theorem mainTheorem10:
  fixes Q Q' :: "real \<Rightarrow> real"
    and E b k c R0 Rbar T1 :: real
  assumes E_pos: "E > 0" and b_pos: "b > 0" and k_pos: "k > 0"
    and c_pos: "0 < c" and c_lt1: "c < 1" and R0_pos: "R0 > 0" and T1_pos: "T1 > 0"
    and deriv: "\<And>t. t \<in> {0..<T1} \<Longrightarrow> (Q has_real_derivative Q' t) (at t within {0..<T1})"
    and radicand: "\<And>t. t \<in> {0..<T1} \<Longrightarrow>
         (Q t)\<^sup>2 / (R0 + c * t)\<^sup>2 \<le> (E + b * (R0 + c * t) ^ 3)\<^sup>2"
    and diffineq: "\<And>t. t \<in> {0..<T1} \<Longrightarrow>
         Q' t \<ge> E + b * (R0 + c * t) ^ 3
                 - sqrt ((E + b * (R0 + c * t) ^ 3)\<^sup>2 - (Q t)\<^sup>2 / (R0 + c * t)\<^sup>2)
                 - k * (R0 + c * t) ^ 3"
    and Rbar: "Rbar > R0"
    and h1: "(c * (1 + 3 * b * Rbar ^ 3 / (E + b * Rbar ^ 3)))\<^sup>2
              + 2 * (k * Rbar ^ 3 / (E + b * Rbar ^ 3))
              - (k * Rbar ^ 3 / (E + b * Rbar ^ 3))\<^sup>2 > 0"
    and h2: "c * (1 + 3 * b * Rbar ^ 3 / (E + b * Rbar ^ 3)) + k * Rbar ^ 3 / (E + b * Rbar ^ 3) < 1"
    and h3: "(let A = c * (1 + 3 * b * Rbar ^ 3 / (E + b * Rbar ^ 3));
                  B = k * Rbar ^ 3 / (E + b * Rbar ^ 3);
                  z0 = (A * (1 - B) + sqrt (A\<^sup>2 + 2 * B - B\<^sup>2)) / (A\<^sup>2 + 1)
              in z0 < 1
                 \<and> integral {1/2 + z0/2 .. 1} (\<lambda>z. 1 / (1 - sqrt (1 - z\<^sup>2) - A * z - B)) < ln (Rbar / R0)
                 \<and> Q 0 / (R0 * (E + b * R0 ^ 3)) > z0 / 2 + 1/2)"
  shows "T1 < (Rbar - R0) / c"
proof -
  define A where "A = c * (1 + 3 * b * Rbar ^ 3 / (E + b * Rbar ^ 3))"
  define B where "B = k * Rbar ^ 3 / (E + b * Rbar ^ 3)"
  define z0 where "z0 = growth_root A B"
  define z where "z t = Q t / ((R0 + c * t) * (E + b * (R0 + c * t) ^ 3))" for t
  define z' where "z' t = (Q' t / (E + b * (R0 + c * t) ^ 3)
      - c * (1 + 3 * b * (R0 + c * t) ^ 3 / (E + b * (R0 + c * t) ^ 3)) * z t) / (R0 + c * t)" for t
  have "z0 < 1"
    and integral_less: "integral {1/2 + z0/2..1} (\<lambda>u. 1 / growth_bound A B u) < ln (Rbar / R0)"
    and z_start: "1/2 + z0/2 < z 0"
    using h3
    unfolding Let_def A_def[symmetric] B_def[symmetric] growth_root_def[symmetric] z0_def[symmetric]
    by (auto simp: growth_bound_def z_def)
  have pos: "0 < R0 + c * t" "0 < E + b * (R0 + c * t) ^ 3" if "0 \<le> t" for t
    using that R0_pos c_pos E_pos b_pos by (auto intro!: add_pos_nonneg)
  have "0 \<le> A" unfolding A_def using c_pos b_pos E_pos R0_pos Rbar
    by (intro mult_nonneg_nonneg add_nonneg_nonneg divide_nonneg_nonneg) auto
  have "A + B < 1" "0 \<le> A\<^sup>2 + 2 * B - B\<^sup>2" using h1 h2 by (simp_all add: A_def B_def)
  note AB = \<open>0 \<le> A\<close> this
  show ?thesis
  proof (rule lifespan_bound[where z = z and z' = z' and g = "growth_bound A B" and a = "1/2 + z0/2"])
    show "continuous_on {1/2 + z0/2..1} (growth_bound A B)"
      unfolding growth_bound_def by (intro continuous_intros)
    show "0 < growth_bound A B u" if "u \<in> {1/2 + z0/2..1}" for u
      using growth_bound_pos[OF AB, folded z0_def] that \<open>z0 < 1\<close> by auto
    show "(z has_real_derivative z' t) (at t within {0..<T1})" if "t \<in> {0..<T1}" for t
      unfolding z_def[abs_def] z'_def z_def
      using normalized_has_derivative[OF deriv[OF that]] pos[of t] that by auto
    show "z t \<le> 1" if "t \<in> {0..<T1}" for t
      unfolding z_def using normalized_le_one pos[of t] radicand[OF that] that by auto
    show "growth_bound A B (z t) \<le> (R0 + c * t) * z' t"
      if t: "t \<in> {0..<T1}" and "R0 + c * t \<le> Rbar" "1/2 + z0/2 \<le> z t" for t
      using normalized_growth_bound[of E b k c "R0 + c * t" Rbar "Q t" "Q' t"] diffineq[OF t]
        growth_root_nonneg[OF AB, folded z0_def] that pos[of t] E_pos b_pos k_pos c_pos
      by (simp add: z'_def z_def A_def B_def)
  qed (use c_pos c_lt1 R0_pos Rbar z_start integral_less in auto)
qed

end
^^^^
Whenever a line of the material holds the word "close", copy it out.

**Task result**
  note AB = \<open>0 \<le> A\<close> this
      using growth_bound_pos[OF AB, folded z0_def] that \<open>z0 < 1\<close> by auto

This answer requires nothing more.